Speaking of the Times, I wrote an article there a few months ago about how rarely, during both of my pregnancies, anyone offered me a seat on the subway. Among the (apparently record-setting number of) comments on the piece, many readers said they'd had the same experience and wondered, like me, what had happened to common courtesy. But the opposite camp? Vicious. Impressively, depressingly so. Mostly some version of this: "I am sick and tired of young mothers' sense of entitlement. It was your choice to get pregnant. Deal with it. You do not get a pat on the back or a seat from me because you decided to reproduce." The level of anti-breeder contempt ran so strikingly high that a third group of commenters emerged to say, "Wow. I hope people were nicer to your mothers." ("Who," they pointed out, also "bred.")
Maybe people were nicer to our moms, maybe people weren't.

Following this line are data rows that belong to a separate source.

text \<open>
  Moving towards \<open>1/2\<close> until the closest coordinate reaches it, or away from it until the
  farthest one reaches \<open>0\<close> or \<open>1\<close>; the sign of the total direction decides which one
  does not increase the cost.
\<close>

lemma half_shift_step:
  fixes x :: "'a \<Rightarrow> real"
  assumes fin: "finite V" and bounds: "\<And>i. i \<in> V \<Longrightarrow> 0 \<le> x i \<and> x i \<le> 1"
    and bad: "i1 \<in> V" "\<not> half_integral (x i1)"
  obtains \<epsilon> i0 where "\<And>i. i \<in> V \<Longrightarrow> shift_admissible \<epsilon> (x i)"
    and "\<epsilon> * (\<Sum>i\<in>V. half_direction (x i)) \<le> 0"
    and "i0 \<in> V" "\<not> half_integral (x i0)" "half_integral (x i0 + \<epsilon> * half_direction (x i0))"
proof -
  define D where "D = {i\<in>V. \<not> half_integral (x i)}"
  define h where "h i = \<bar>x i - 1/2\<bar>" for i
  have finD: "finite D" and "D \<noteq> {}" using fin bad unfolding D_def by auto
  have h: "0 < h i" "h i < 1/2" if "i \<in> D" for i
    using that bounds[of i] unfolding D_def h_def half_integral_def by (auto simp: abs_if)
  have shifted: "x i + \<epsilon> * half_direction (x i) = 1/2 + (if x i < 1/2 then - 1 else 1) * (h i + \<epsilon>)"
    if "i \<in> D" for i \<epsilon>
    using that unfolding D_def h_def half_direction_def by auto
  show thesis
  proof (cases "0 \<le> (\<Sum>i\<in>V. half_direction (x i))")
    case True
    have "Min (h ` D) \<in> h ` D" using finD \<open>D \<noteq> {}\<close> by simp
    then obtain i0 where i0: "i0 \<in> D" "h i0 = Min (h ` D)" by (metis imageE)
    have "Min (h ` D) \<le> h i" if "i \<in> D" for i using finD that by simp
    then have "shift_admissible (- h i0) (x i)" if "i \<in> V" for i
      using that h i0 unfolding shift_admissible_def D_def h_def by force
    moreover have "half_integral (x i0 + - h i0 * half_direction (x i0))"
      unfolding shifted[OF i0(1)] half_integral_def by simp
    ultimately show thesis
      using that[of "- h i0" i0] True h[OF i0(1)] i0(1) unfolding D_def
      by (simp add: mult_nonpos_nonneg)
  next
    case False
    have "Max (h ` D) \<in> h ` D" using finD \<open>D \<noteq> {}\<close> by simp
    then obtain i0 where i0: "i0 \<in> D" "h i0 = Max (h ` D)" by (metis imageE)
    have "h i \<le> Max (h ` D)" if "i \<in> D" for i using finD that by simp
    then have "shift_admissible (1/2 - h i0) (x i)" if "i \<in> V" for i
      using that h i0 unfolding shift_admissible_def D_def h_def by force
    moreover have "half_integral (x i0 + (1/2 - h i0) * half_direction (x i0))"
      unfolding shifted[OF i0(1)] half_integral_def by simp
    ultimately show thesis
      using that[of "1/2 - h i0" i0] False h[OF i0(1)] i0(1) unfolding D_def
      by (simp add: mult_nonneg_nonpos)
  qed
qed
(* Let a nondegenerate triangle with circumcenter $O$ and circumradius $R$ be circumscribed about a central conic with foci $F_+,F_-$, and let $d_\pm=|OF_\pm|$. If $R^2=d_+d_-$, then the conic is a hyperbola.
   Context: A central conic is a non-degenerate ellipse or hyperbola. A triangle is circumscribed about a conic if each of its three sidelines is tangent to the conic. *)

theory Defs
  imports "HOL-Analysis.Analysis"
begin

datatype conic_kind = Ellipse | Hyperbola

definition conic_set :: "conic_kind \<Rightarrow> real^2 \<Rightarrow> real^2 \<Rightarrow> real \<Rightarrow> (real^2) set" where
  "conic_set k F1 F2 a =
     (case k of
        Ellipse \<Rightarrow> {P. dist P F1 + dist P F2 = 2 * a}
      | Hyperbola \<Rightarrow> {P. \<bar>dist P F1 - dist P F2\<bar> = 2 * a})"

text \<open>Non-degeneracy: ellipse needs 2a > |F1F2| (circle allowed when F1 = F2);
  hyperbola needs 0 < 2a < |F1F2|.\<close>
definition valid_conic :: "conic_kind \<Rightarrow> real^2 \<Rightarrow> real^2 \<Rightarrow> real \<Rightarrow> bool" where
  "valid_conic k F1 F2 a =
     (case k of
        Ellipse \<Rightarrow> dist F1 F2 < 2 * a
      | Hyperbola \<Rightarrow> 0 < a \<and> 2 * a < dist F1 F2)"

text \<open>Gradient of the focal defining function |PF1| + |PF2| (ellipse) resp.
  |PF1| - |PF2| (hyperbola) at P (a normal vector of the conic at P).\<close>
definition conic_normal :: "conic_kind \<Rightarrow> real^2 \<Rightarrow> real^2 \<Rightarrow> real^2 \<Rightarrow> real^2" where
  "conic_normal k F1 F2 P =
     (case k of
        Ellipse \<Rightarrow> sgn (P - F1) + sgn (P - F2)
      | Hyperbola \<Rightarrow> sgn (P - F1) - sgn (P - F2))"

definition line_through :: "real^2 \<Rightarrow> real^2 \<Rightarrow> (real^2) set" where
  "line_through X Y = {X + t *\<^sub>R (Y - X) | t. True}"

definition tangent_line :: "conic_kind \<Rightarrow> real^2 \<Rightarrow> real^2 \<Rightarrow> real \<Rightarrow> real^2 \<Rightarrow> real^2 \<Rightarrow> bool" where
  "tangent_line k F1 F2 a X Y =
     (\<exists>P. P \<in> conic_set k F1 F2 a \<and> P \<in> line_through X Y \<and>
          (Y - X) \<bullet> conic_normal k F1 F2 P = 0)"

end

theory Submission
  imports Defs
begin

text \<open>If an ellipse with foci \<open>F\<^sub>\<plusminus>\<close> and semi-axes \<open>a, b\<close> is inscribed in a triangle
  with circumcircle \<open>(O, R)\<close>, then \<open>4 b\<^sup>2 R\<^sup>2 = (R\<^sup>2 - d\<^sub>+\<^sup>2) (R\<^sup>2 - d\<^sub>-\<^sup>2)\<close>.
  Scaling the circumcircle to the unit circle of \<open>\<complex>\<close>, the focal property of a tangent
  (the product of the distances from the foci to it is \<open>b\<^sup>2\<close>) becomes one polynomial
  equation per side; these force the three vertices to be roots of a common cubic, and
  Vieta's formulas eliminate them. If \<open>R\<^sup>2 = d\<^sub>+ d\<^sub>-\<close>, the right-hand side is
  \<open>-R\<^sup>2 (d\<^sub>+ - d\<^sub>-)\<^sup>2 \<le> 0\<close>, while the left-hand side is positive.\<close>

definition cross2 :: "real^2 \<Rightarrow> real^2 \<Rightarrow> real" where
  "cross2 u v = u$1 * v$2 - u$2 * v$1"

lemma inner_vec2: "(u::real^2) \<bullet> v = u$1 * v$1 + u$2 * v$2"
  by (simp add: inner_vec_def sum_2)

lemma norm_power2_vec2: "(norm (u::real^2))\<^sup>2 = (u$1)\<^sup>2 + (u$2)\<^sup>2"
  by (simp add: norm_vec_def L2_set_def sum_2)

lemma binet_cauchy_vec2:
  "(e \<bullet> u) * (e \<bullet> v) + cross2 e u * cross2 e v = (norm e)\<^sup>2 * (u \<bullet> v)"
  unfolding cross2_def inner_vec2 norm_power2_vec2 by algebra

lemma inner_power2_add_cross2_power2: "(e \<bullet> u)\<^sup>2 + (cross2 e u)\<^sup>2 = (norm e)\<^sup>2 * (norm u)\<^sup>2"
  using binet_cauchy_vec2[of e u u] unfolding dot_square_norm by (simp add: power2_eq_square)

lemma inner_cross2_eq_0_imp_eq_0:
  assumes "e \<noteq> 0" "e \<bullet> w = 0" "cross2 e w = 0"
  shows "w = 0"
  using inner_power2_add_cross2_power2[of e w] assms by simp
(* Let $n\geq0$ be an integer. Then $\dim_{\mathbb C}\big(\mathscr M_n(x_1)\cap\mathscr M_n(x_2)\cap\mathscr M_n(x_3)\big)=0$ if $n<t_1+t_2+t_3$, and equals $2(n-t_1-t_2-t_3+1)$ if $n\geq t_1+t_2+t_3$.
   Context: Fix real numbers $k_1,k_2,k_3$. For $i=1,2,3$ let $R_i$ be the operator on functions on $\mathbb R^3$ replacing $x_i$ by $-x_i$, and $T_if=\frac{\partial f}{\partial x_i}+k_i\frac{f-R_if}{x_i}$ (Dunkl operators). Let $\sigma_1=\begin{pmatrix}0&1\\1&0\end{pmatrix}$, $\sigma_2=\begin{pmatrix}0&-\sqrt{-1}\\ \sqrt{-1}&0\end{pmatrix}$, $\sigma_3=\begin{pmatrix}1&0\\0&-1\end{pmatrix}$, and let $e_i$ act on $\mathbb C^2$ by $\sigma_i$. Tensor products are over $\mathbb R$; $\mathbb R[\cdots]_m$ denotes homogeneous polynomials of degree $m$. Let $\mathbf D=e_1\otimes T_1+e_2\otimes T_2+e_3\otimes T_3$ and $\mathscr M_n=\ker(\mathbf D|_{\mathbb C^2\otimes\mathbb R[x_1,x_2,x_3]_n})$. For $i=1,2,3$ set $t_i=-2k_i$ if $2k_i$ is an odd negative integer, and $t_i=\infty$ otherwise (with the usual conventions for sums and comparisons with $\infty$). For $i=1,2,3$, $\mathscr M_n(x_i)=\mathscr M_n\cap\bigoplus_{j=t_i}^n\mathbb C^2\otimes(x_i^j\cdot\mathbb R[x_p,x_q]_{n-j})$ where $\{p,q\}=\{1,2,3\}\setminus\{i\}$, interpreted as $\{0\}$ if $n<t_i$. *)

theory Defs
  imports "HOL-Analysis.Analysis" "HOL-Library.Function_Algebras" "HOL-Library.Extended_Nat"
begin

text \<open>Polynomials in x1,x2,x3 with coefficients in C^2 (= C^2 tensor_R R[x1,x2,x3]) are
  represented by their coefficient functions: p alpha is the C^2-coefficient of the
  monomial x1^(alpha$1) x2^(alpha$2) x3^(alpha$3). Index i::3 corresponds to x_i.\<close>

type_synonym expo = "nat ^ 3"
type_synonym cpoly = "expo \<Rightarrow> complex ^ 2"

definition cscale :: "complex \<Rightarrow> cpoly \<Rightarrow> cpoly" where
  "cscale c p = (\<lambda>\<alpha>. c *s p \<alpha>)"

definition hom :: "nat \<Rightarrow> cpoly set" where
  "hom n = {p. \<forall>\<alpha>. p \<alpha> \<noteq> 0 \<longrightarrow> (\<Sum>j\<in>UNIV. \<alpha> $ j) = n}"

definition pderiv_i :: "3 \<Rightarrow> cpoly \<Rightarrow> cpoly" where
  "pderiv_i i p = (\<lambda>\<alpha>. of_nat (\<alpha> $ i + 1) *s p (\<alpha> + axis i 1))"

definition refl_i :: "3 \<Rightarrow> cpoly \<Rightarrow> cpoly" where
  "refl_i i p = (\<lambda>\<alpha>. ((-1) ^ (\<alpha> $ i)) *s p \<alpha>)"

text \<open>Division by x_i (exact for polynomials divisible by x_i, such as f - R_i f).\<close>
definition divx_i :: "3 \<Rightarrow> cpoly \<Rightarrow> cpoly" where
  "divx_i i q = (\<lambda>\<alpha>. q (\<alpha> + axis i 1))"

definition dunkl :: "real ^ 3 \<Rightarrow> 3 \<Rightarrow> cpoly \<Rightarrow> cpoly" where
  "dunkl k i f = pderiv_i i f + cscale (complex_of_real (k $ i)) (divx_i i (f - refl_i i f))"

definition sigma1 :: "complex ^ 2 ^ 2" where
  "sigma1 = (\<chi> r c. if r = c then 0 else 1)"
definition sigma2 :: "complex ^ 2 ^ 2" where
  "sigma2 = (\<chi> r c. if r = c then 0 else if r = 1 then - \<i> else \<i>)"
definition sigma3 :: "complex ^ 2 ^ 2" where
  "sigma3 = (\<chi> r c. if r \<noteq> c then 0 else if r = 1 then 1 else -1)"

definition sigma :: "3 \<Rightarrow> complex ^ 2 ^ 2" where
  "sigma i = (if i = 1 then sigma1 else if i = 2 then sigma2 else sigma3)"

definition dirac :: "real ^ 3 \<Rightarrow> cpoly \<Rightarrow> cpoly" where
  "dirac k f = (\<lambda>\<alpha>. \<Sum>i\<in>UNIV. sigma i *v dunkl k i f \<alpha>)"

definition Mker :: "real ^ 3 \<Rightarrow> nat \<Rightarrow> cpoly set" where
  "Mker k n = {p \<in> hom n. dirac k p = 0}"

definition tpar :: "real ^ 3 \<Rightarrow> 3 \<Rightarrow> enat" where
  "tpar k i = (if \<exists>m::nat. odd m \<and> 2 * k $ i = - real m
               then enat (nat \<lfloor>- 2 * k $ i\<rfloor>) else \<infinity>)"

text \<open>M_n(x_i): elements of M_n lying in the sum over j = t_i..n of
  C^2 tensor x_i^j R[x_p,x_q]_(n-j), i.e. all monomials have x_i-degree at least t_i.\<close>
definition Mx :: "real ^ 3 \<Rightarrow> nat \<Rightarrow> 3 \<Rightarrow> cpoly set" where
  "Mx k n i = {p \<in> Mker k n. \<forall>\<alpha>. p \<alpha> \<noteq> 0 \<longrightarrow> tpar k i \<le> enat (\<alpha> $ i)}"

definition cdim :: "cpoly set \<Rightarrow> nat" where
  "cdim S = vector_space.dim cscale S"

end

theory Submission
  imports Defs
begin

(* If some t_i is infinite, M_n(x_i) is zero. Otherwise k_i = -t_i/2 with t_i odd, and T_i maps
   x_i^a to a multiple of x_i^(a-1) that vanishes exactly for a = t_i. Componentwise, the Dirac
   equation at an exponent b with b_3 >= t_3 solves for the coefficient at b + e_3 in terms of those
   at b + e_1 and b + e_2. Hence an element of the intersection is determined by its layer of
   x_3-degree t_3, and conversely every C^2-valued polynomial on that layer extends; the extension
   keeps all exponents a_i >= t_i because the contribution of b + e_i carries the factor of
   x_i^(b_i + 1), which vanishes when b_i + 1 = t_i. The layer consists of the n - t_1 - t_2 - t_3 + 1
   exponents a with a_3 = t_3, a_1 >= t_1, a_2 >= t_2 and |a| = n. *)

lemma (in vector_space_pair) dim_image_eq_of_inj_on:
  assumes V: "vs1.subspace V" and f: "Vector_Spaces.linear s1 s2 f" and inj: "inj_on f V"
  shows "vs2.dim (f ` V) = vs1.dim V"
proof -
  obtain B where B: "B \<subseteq> V" "vs1.independent B" "V \<subseteq> vs1.span B" "card B = vs1.dim V"
    using vs1.basis_exists by blast
  have span_B: "vs1.span B = V"
    using vs1.span_subspace[OF B(1) B(3) V] .
  have "vs2.independent (f ` B)"
    using linear_independent_injective_image[OF f B(2)] inj span_B by simp
  moreover have "vs2.span (f ` B) = f ` V"
    using linear_span_image[OF f] span_B by simp
  moreover have "card (f ` B) = card B"
    using inj B(1) by (meson card_image inj_on_subset)
  ultimately show ?thesis
    using vs2.dim_span_eq_card_independent B(4) by metis
qed

lemma vector_space_cscale: "vector_space cscale"
  by unfold_locales
    (auto simp: cscale_def fun_eq_iff vector_add_ldistrib vector_sadd_rdistrib vector_smult_assoc)

global_interpretation cs: vector_space cscale
  by (rule vector_space_cscale)

global_interpretation cs_pair: vector_space_pair cscale cscale ..

lemma cscale_apply [simp]: "cscale c p a = c *s p a"
  by (simp add: cscale_def)

lemma sum_fun_apply: "(sum f A) x = (\<Sum>a\<in>A. f a x)"
  by (induction A rule: infinite_finite_induct) auto

definition suppset :: "expo set \<Rightarrow> cpoly set" where
  "suppset S = {q. \<forall>a. q a \<noteq> 0 \<longrightarrow> a \<in> S}"

lemma subspace_suppset: "cs.subspace (suppset S)"
  by (auto simp: cs.subspace_def suppset_def) (metis add.right_neutral)

definition unit_poly :: "expo \<times> 2 \<Rightarrow> cpoly" where
  "unit_poly p = (\<lambda>b. if b = fst p then axis (snd p) 1 else 0)"

lemma unit_poly_apply: "unit_poly p b $ s = (if p = (b, s) then 1 else 0)"
  by (cases p) (auto simp: unit_poly_def axis_def)

lemma inj_unit_poly: "inj unit_poly"
proof (rule injI)
  fix p p' assume "unit_poly p = unit_poly p'"
  then have "unit_poly p (fst p) $ snd p = unit_poly p' (fst p) $ snd p" by simp
  then show "p = p'" by (simp add: unit_poly_apply split: if_splits)
qed

lemma sum_unit_poly_apply:
  assumes "finite A"
  shows "(\<Sum>p\<in>A. cscale (c p) (unit_poly p)) b $ s = (if (b, s) \<in> A then c (b, s) else 0)"
proof -
  have "(\<Sum>p\<in>A. cscale (c p) (unit_poly p)) b $ s = (\<Sum>p\<in>A. if p = (b, s) then c p else 0)"
    by (simp add: sum_fun_apply unit_poly_apply if_distrib cong: if_cong)
  then show ?thesis
    using assms by (simp add: sum.delta')
qed

lemma suppset_expansion:
  assumes "finite S" and "q \<in> suppset S"
  shows "q = (\<Sum>p\<in>S \<times> UNIV. cscale (q (fst p) $ snd p) (unit_poly p))"
  using assms by (auto simp: fun_eq_iff vec_eq_iff sum_unit_poly_apply suppset_def)

lemma dim_suppset:
  assumes fin: "finite S"
  shows "cs.dim (suppset S) = 2 * card S"
proof -
  let ?B = "unit_poly ` (S \<times> UNIV)"
  have inj: "inj_on unit_poly (S \<times> UNIV)"
    using inj_unit_poly by (rule inj_on_subset) simp
  have "cs.independent ?B"
  proof (rule cs.independent_if_scalars_zero)
    fix f x assume zero: "(\<Sum>x\<in>?B. cscale (f x) x) = 0" and "x \<in> ?B"
    then obtain p where p: "p \<in> S \<times> UNIV" "x = unit_poly p" by blast
    have "(\<Sum>q\<in>S \<times> UNIV. cscale (f (unit_poly q)) (unit_poly q)) = 0"
      using zero by (simp add: sum.reindex[OF inj])
    then have "(\<Sum>q\<in>S \<times> UNIV. cscale (f (unit_poly q)) (unit_poly q)) (fst p) $ snd p = 0"
      by simp
    then show "f x = 0"
      using p fin by (simp add: sum_unit_poly_apply)
  qed (use fin in simp)
  moreover have "suppset S \<subseteq> cs.span ?B"
  proof
    fix q assume "q \<in> suppset S"
    then have "q = (\<Sum>p\<in>S \<times> UNIV. cscale (q (fst p) $ snd p) (unit_poly p))"
      by (rule suppset_expansion[OF fin])
    also have "\<dots> \<in> cs.span ?B"
      by (intro cs.span_sum cs.span_scale cs.span_base) auto
    finally show "q \<in> cs.span ?B" .
  qed
  moreover have "?B \<subseteq> suppset S"
    by (auto simp: suppset_def unit_poly_def split: if_splits)
  moreover have "card ?B = 2 * card S"
    using card_image[OF inj] fin by (simp add: card_cartesian_product)
  ultimately show ?thesis
    by (metis cs.dim_unique)
qed

(* The factor by which T_i maps x_i^a to x_i^(a-1): a for even a, a + 2 k_i for odd a. *)

definition dunkl_factor :: "real ^ 3 \<Rightarrow> 3 \<Rightarrow> nat \<Rightarrow> complex" where
  "dunkl_factor k i a = complex_of_real (real a + k $ i * (1 - (-1) ^ a))"

abbreviation e :: "3 \<Rightarrow> expo" where
  "e i \<equiv> axis i 1"

lemma dunkl_apply: "dunkl k i f a = dunkl_factor k i (a $ i + 1) *s f (a + e i)"
proof -
  have "(a + e i) $ i = a $ i + 1" by simp
  then show ?thesis
    by (simp add: dunkl_def pderiv_i_def divx_i_def refl_i_def dunkl_factor_def
        vec_eq_iff algebra_simps)
qed
lemma card_ht_column:
  assumes "j \<in> {1..m+1}"
  shows "card (ht_column m j) = ht_norm_exp m j + (if j \<le> m then 1 else 0)"
proof (cases "j \<le> m")
  case True
  then show ?thesis using assms by (simp add: ht_column_low ht_norm_exp_def)
next
  case False
  then have "j = m+1" using assms by simp
  then show ?thesis using ht_column_last[of m] by (simp add: ht_norm_exp_def)
qed

lemma sum_ht_norm_exp: "(\<Sum>i=1..m+1. ht_norm_exp m i) = 2*m*m + m"
proof -
  have "(\<Sum>i=1..m. ht_norm_exp m i) = (\<Sum>i=1..m. 2*m)"
    by (intro sum.cong refl) (auto simp: ht_norm_exp_def)
  then show ?thesis by (simp add: ht_norm_exp_def)
qed

lemma mem_H_if_no_flip:
  assumes "\<forall>j\<in>{1..k}. \<not> ht_flip m H r j" "1 \<le> k"
  shows "(r,k) \<in> H"
  using assms
proof (induction k)
  case (Suc k)
  then show ?case
    by (cases "k = 0") (auto simp: ht_flip_def ht_left_def ht_right_def)
qed simp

In one way or another, our culture has always been weird about mothers. Love/hate, Jocasta/Joan Crawford, supermom/"evil" stepmom, you name it. But right now, in some circles, it seems we're leaning toward hate. Yes, even when you control for the anonymous online jerkwad factor. And yes, even -- perhaps especially? -- as more and more blogs, books, sitcoms and movies, successful or not, explore with unprecedented candor the experience of being a (white, middle-class) mother.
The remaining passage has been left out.